Der Jüngere zog ein kleines Messer. Seine Hände zitterten. »Wenn du ihm etwas antust, bringe ich dich um.«

»Vielleicht«, erwiderte Zhu. »Aber nicht, bevor ich deinen Bruder umgebracht habe. Wenn du mich befreist, werden wir alle überleben. Das verspreche ich.«

»Tu es nicht, Huangyi«, sagte der Junge unter Zhus Knie gurgelnd. »Lauf weg, hol Hilfe.«

»Wenn du gehst, stirbt dein Bruder.« Zhu hielt inne und warf einen Blick auf die Brüder. Alte Erinnerungen tauchten in seinem Kopf auf. Bei genauerer Betrachtung kamen ihm die beiden bekannt vor. Er runzelte die Stirn. »Moment mal. Heißt ihr Huangyi und Huangmang? Habt ihr eine Schwester?«

Huangmang, der Ältere, der unter Zhus Knien lag, sah ihn düster an. »Woher kennst du meine jiĕ

Zhu seufzte. »Ich bin Chen Wenzhu. Meiner Familie gehörte der Lebensmittelladen. Wir hatten Hühner im Garten.«

Huangyi, der Jüngere, wirkte unsicher. », was soll ich machen?«

»Ich habe das Dorf vor über fünf Jahren verlassen, um in der Stadt zu arbeiten. Huangyi erinnert sich vielleicht nicht mehr an mich. Ich weiß noch, er reichte mir damals kaum bis zur Hüfte.« Zhu nahm sein Knie vom Hals des Jungen und reduzierte den Druck auf dessen Brust. »Huangmang, du hast oft Nudelpackungen ins Geschäft gebracht, weißt du noch?«

»Ja, der Lebensmittelladen. Ich erinnere mich daran, shūshu«, sagte Huangmang, der ihn nun endlich erkannte. Er wand sich unter Zhu hervor, kam auf die Füße und wich zurück. »Schön, dich zu sehen.«

»Es ist alles in Ordnung.« Zhu versuchte, nicht bedrohlich zu wirken. »Heutzutage ist es hier draußen gefährlich. Kannst du mir die Fesseln abnehmen?«

»Ja, shūshu

Zhu stand auf und streckte die Arme aus. »Sind noch andere aus dem Dorf hier?«

Der erste Schlag auf den Hinterkopf ließ ihn taumeln. Beim zweiten knickte er ein. Er krachte mit dem Gesicht nach unten auf den Boden. In seinem Kopf dröhnte es. Er drehte sich auf den Rücken, sah die beiden Jungen an und wollte etwas sagen. Ihm kam jedoch kein Wort über die Lippen.
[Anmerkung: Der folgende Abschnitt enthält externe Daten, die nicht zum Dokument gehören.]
(* Let $G$ be a finite graph with ordered edges and let $H^i(G)$ be the cohomology of its chain complex $\mathcal{C}(G)$ (defined in the context). Then $$\sum_{i\ge 0}(-1)^i\, q\dim H^i(G) \;=\; P_G(1+q),$$ where $P_G(\lambda)$ is the chromatic polynomial of $G$.
   Context: Graphs are finite; loops and multiple edges are allowed. $P_G(\lambda)$ is the chromatic polynomial: for a positive integer $\lambda$, $P_G(\lambda)$ is the number of assignments of colors $\{1,\dots,\lambda\}$ to vertices such that the endpoints of every edge receive different colors (equivalently $P_G(\lambda)=\sum_{s\subseteq E}(-1)^{|s|}\lambda^{k(s)}$, $k(s)$ the number of components of $[G:s]$). For a graded $\mathbb{Z}$-module $\mathcal{M}=\bigoplus_j M_j$, $q\dim\mathcal{M}=\sum_j q^j\operatorname{rank}(M_j)$ with $\operatorname{rank}(M_j)=\dim_{\mathbb{Q}}(M_j\otimes\mathbb{Q})$. For $G=(V,E)$ and $s\subseteq E$, $[G:s]$ is the spanning subgraph with edge set $s$. With $1*1=1$, $1*x=x*1=x$, $x*x=0$: an enhanced state is $S=(s,c)$, $s\subseteq E$, $c$ assigning $1$ or $x$ to each component of $[G:s]$; $i(S)=|s|$, $j(S)=$ number of components colored $x$. $C^{i,j}(G)$ is free abelian on enhanced states with $i(S)=i,j(S)=j$; $C^i(G)=\bigoplus_jC^{i,j}(G)$ graded by $j$. For an ordering of the edges, $d(S)=\sum_{e\in E\setminus s}(-1)^{n(e)}S_e$, $n(e)$ the number of edges of $s$ before $e$; $S_e=(s\cup\{e\},c_e)$ where, if $e$ joins a component to itself, colors are unchanged, and if $e$ joins distinct components $E_1,E_2$ the merged component gets $c(E_1)*c(E_2)$ (and $S_e=0$ if this product is $0$). $H^{i,j}(G)$ is the cohomology of $(C^{\bullet,j}(G),d)$ and $H^i(G)=\bigoplus_j H^{i,j}(G)$, graded by $j$. *)

theory Defs
  imports "HOL-Computational_Algebra.Polynomial"
begin

text \<open>A finite graph (loops and multiple edges allowed) is given by a finite vertex
set V and a list of edges es; edge number k (k < length es) joins fst (es!k) and
snd (es!k).  The list order is the ordering of the edges.  A subset s of edges is
a set of edge indices s \<subseteq> {..<length es}.\<close>

definition edge_rel :: "('v \<times> 'v) list \<Rightarrow> nat set \<Rightarrow> ('v \<times> 'v) set" where
  "edge_rel es s = {(fst (es!k), snd (es!k)) | k. k \<in> s \<and> k < length es}
                 \<union> {(snd (es!k), fst (es!k)) | k. k \<in> s \<and> k < length es}"

definition comp_rel :: "'v set \<Rightarrow> ('v \<times> 'v) list \<Rightarrow> nat set \<Rightarrow> ('v \<times> 'v) set" where
  "comp_rel V es s = {(u, w). u \<in> V \<and> w \<in> V \<and> (u, w) \<in> (edge_rel es s)\<^sup>*}"

definition comps :: "'v set \<Rightarrow> ('v \<times> 'v) list \<Rightarrow> nat set \<Rightarrow> 'v set set" where
  "comps V es s = V // comp_rel V es s"

definition comp_of :: "'v set \<Rightarrow> ('v \<times> 'v) list \<Rightarrow> nat set \<Rightarrow> 'v \<Rightarrow> 'v set" where
  "comp_of V es s v = comp_rel V es s `` {v}"

definition chromatic_poly :: "'v set \<Rightarrow> ('v \<times> 'v) list \<Rightarrow> int poly" where
  "chromatic_poly V es =
     (\<Sum>s\<in>Pow {..<length es}. monom ((-1) ^ card s) (card (comps V es s)))"

text \<open>Enhanced states: (s, X) where X is the set of components of [G:s] coloured x
(the remaining components are coloured 1).  i(S) = card s, j(S) = card X.\<close>
type_synonym 'v state = "nat set \<times> 'v set set"

definition states :: "'v set \<Rightarrow> ('v \<times> 'v) list \<Rightarrow> nat \<Rightarrow> nat \<Rightarrow> 'v state set" where
  "states V es i j = {(s, X). s \<subseteq> {..<length es} \<and> X \<subseteq> comps V es s
                              \<and> card s = i \<and> card X = j}"

text \<open>S_e: None encodes the zero result (x*x = 0).\<close>
definition state_e :: "'v set \<Rightarrow> ('v \<times> 'v) list \<Rightarrow> 'v state \<Rightarrow> nat \<Rightarrow> 'v state option" where
  "state_e V es S e =
     (let s = fst S; X = snd S;
          C1 = comp_of V es s (fst (es!e)); C2 = comp_of V es s (snd (es!e))
      in if C1 = C2 then Some (insert e s, X)
         else if C1 \<in> X \<and> C2 \<in> X then None
         else if C1 \<in> X \<or> C2 \<in> X then Some (insert e s, insert (C1 \<union> C2) (X - {C1, C2}))
         else Some (insert e s, X - {C1, C2}))"

definition nbefore :: "nat set \<Rightarrow> nat \<Rightarrow> nat" where
  "nbefore s e = card {k \<in> s. k < e}"

text \<open>Chains: integer-valued functions on states (finite formal Z-combinations).
C^{i,j}(G) is the set of chains supported on the states of bidegree (i,j).\<close>
type_synonym 'v chain = "'v state \<Rightarrow> int"

definition chains :: "'v set \<Rightarrow> ('v \<times> 'v) list \<Rightarrow> nat \<Rightarrow> nat \<Rightarrow> 'v chain set" where
  "chains V es i j = {f. \<forall>T. f T \<noteq> 0 \<longrightarrow> T \<in> states V es i j}"

definition diff :: "'v set \<Rightarrow> ('v \<times> 'v) list \<Rightarrow> 'v chain \<Rightarrow> 'v chain" where
  "diff V es f = (\<lambda>T. \<Sum>S\<in>{S. S \<in> (\<Union>i j. states V es i j)}.
       \<Sum>e\<in>{e. e < length es \<and> e \<notin> fst S}.
          (if state_e V es S e = Some T then f S * (-1) ^ nbefore (fst S) e else 0))"

definition cycles :: "'v set \<Rightarrow> ('v \<times> 'v) list \<Rightarrow> nat \<Rightarrow> nat \<Rightarrow> 'v chain set" where
  "cycles V es i j = {f \<in> chains V es i j. diff V es f = (\<lambda>_. 0)}"

definition boundaries :: "'v set \<Rightarrow> ('v \<times> 'v) list \<Rightarrow> nat \<Rightarrow> nat \<Rightarrow> 'v chain set" where
  "boundaries V es i j = (if i = 0 then {\<lambda>_. 0} else diff V es ` chains V es (i - 1) j)"

text \<open>Rank of the quotient Z-module A/B (B \<subseteq> A submodules of chains): the maximal
number of elements of A whose classes in A/B are Z-linearly independent
(= dim_Q (A/B \<otimes> Q)).\<close>
definition quot_rank :: "('a \<Rightarrow> int) set \<Rightarrow> ('a \<Rightarrow> int) set \<Rightarrow> nat" where
  "quot_rank A B = Max {card S | S. finite S \<and> S \<subseteq> A \<and>
      (\<forall>a :: ('a \<Rightarrow> int) \<Rightarrow> int. (\<lambda>T. \<Sum>x\<in>S. a x * x T) \<in> B \<longrightarrow> (\<forall>x\<in>S. a x = 0))}"

definition hom_rank :: "'v set \<Rightarrow> ('v \<times> 'v) list \<Rightarrow> nat \<Rightarrow> nat \<Rightarrow> nat" where
  "hom_rank V es i j = quot_rank (cycles V es i j) (boundaries V es i j)"

text \<open>q dim H^i(G) as an integer polynomial in q (j \<le> card V covers all degrees).\<close>
definition qdim_H :: "'v set \<Rightarrow> ('v \<times> 'v) list \<Rightarrow> nat \<Rightarrow> int poly" where
  "qdim_H V es i = (\<Sum>j\<le>card V. monom (int (hom_rank V es i j)) j)"

end
(* Let $A$ be a JBW algebra with unit $\mathbf{1}$ and let $C\in ASU(A)$. Then $C$ is an atom of the poset $ASU(A)$ if and only if there is a projection $p\in A$ with $p\neq 0$ and $p\neq\mathbf{1}$ such that $C=\operatorname{span}\{p,\mathbf{1}-p\}$.
   Context: A JB algebra is a real Banach algebra $(A,\circ)$ with a commutative product satisfying $a\circ(b\circ a^2)=(a\circ b)\circ a^2$, $\|a^2\|\le\|a^2+b^2\|$, $\|a\|^2=\|a^2\|$; a JBW algebra is a JB algebra that is a dual Banach space (it has a unit $\mathbf{1}$). A projection is an element $p$ with $p\circ p=p$. $ASU(A)$ is the set of all norm-closed associative subalgebras of $A$ containing $\mathbf{1}$, ordered by inclusion; its smallest element is $\mathbb{R}\mathbf{1}$. An atom of a poset with least element $\mathbf{0}$ is an element $x\neq\mathbf{0}$ such that no element lies strictly between $\mathbf{0}$ and $x$. *)

theory Defs
  imports "HOL-Analysis.Analysis"
begin

definition jb_algebra :: "('a::banach \<Rightarrow> 'a \<Rightarrow> 'a) \<Rightarrow> bool" where
  "jb_algebra jp \<longleftrightarrow>
     bilinear jp \<and>
     (\<forall>a b. norm (jp a b) \<le> norm a * norm b) \<and>
     (\<forall>a b. jp a b = jp b a) \<and>
     (\<forall>a b. jp a (jp b (jp a a)) = jp (jp a b) (jp a a)) \<and>
     (\<forall>a b. norm (jp a a) \<le> norm (jp a a + jp b b)) \<and>
     (\<forall>a. (norm a)\<^sup>2 = norm (jp a a))"

definition is_unit :: "('a \<Rightarrow> 'a \<Rightarrow> 'a) \<Rightarrow> 'a \<Rightarrow> bool" where
  "is_unit jp u \<longleftrightarrow> (\<forall>a. jp u a = a)"

text \<open>T identifies the Banach space with the dual of the Banach space 'b
  (a surjective linear isometry onto the dual), i.e. 'a is a dual Banach space
  with predual 'b.\<close>
definition dual_space_iso :: "('a::real_normed_vector \<Rightarrow> ('b::banach \<Rightarrow>\<^sub>L real)) \<Rightarrow> bool" where
  "dual_space_iso T \<longleftrightarrow> linear T \<and> bij T \<and> (\<forall>x. norm (T x) = norm x)"

definition is_projection :: "('a \<Rightarrow> 'a \<Rightarrow> 'a) \<Rightarrow> 'a \<Rightarrow> bool" where
  "is_projection jp p \<longleftrightarrow> jp p p = p"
»Huangyi, hol jiĕ und die Ältesten«, sagte der ältere Junge.

»Was ist denn los? Du hast doch gesagt, dass du ihn kennst. Wie heißt er noch gleich?«

Huangmang zuckte mit den Schultern. »Mir egal. Ich will kein Risiko eingehen.«

»Ich …«, setzte Zhu an.

»Halt den Mund, húndàn!« Huangmang trat ihm in die Rippen. Zhu krümmte sich zusammen. »Du hast meinen kleinen Bruder bedroht. Ich werde dich erschlagen!«

Zhu beschloss, sich weitere Verletzungen zu ersparen, und schwieg. Huangyi kehrte einige Minuten später zurück. Er hatte einige Erwachsene dabei, die unterschiedliche landwirtschaftliche Werkzeuge in den Händen hielten. Einer hatte sogar ein Jagdgewehr dabei. Sie zogen Zhu auf die Füße. Ein Tritt in den Hintern ließ ihn losstolpern.

Die Gruppe führte ihn durch ein spärlich bewachsenes Gebiet mit hohem Gras und einigen Bäumen. Die Nacht war bewölkt, mond- und sternenlos. Das einzige Licht stammte von einer Taschenlampe, die der Mann ganz vorn in der Hand hielt. Jeden Moment konnte ein jiāngshī aus der Dunkelheit treten und sie angreifen, bevor jemand etwas merkte. Doch anscheinend befanden sie sich auf einem gesicherten Gelände. Zhu sah sich um. Die Menschen wirkten entspannt. Sie schienen zu glauben, dass sie in keiner Gefahr schwebten, aber wie konnte das sein? Selbst der Lichtblick, der einer Festung glich, war von Mauern umgeben. Sein forschender Blick wurde mit einem harten Schlag auf den Hinterkopf belohnt.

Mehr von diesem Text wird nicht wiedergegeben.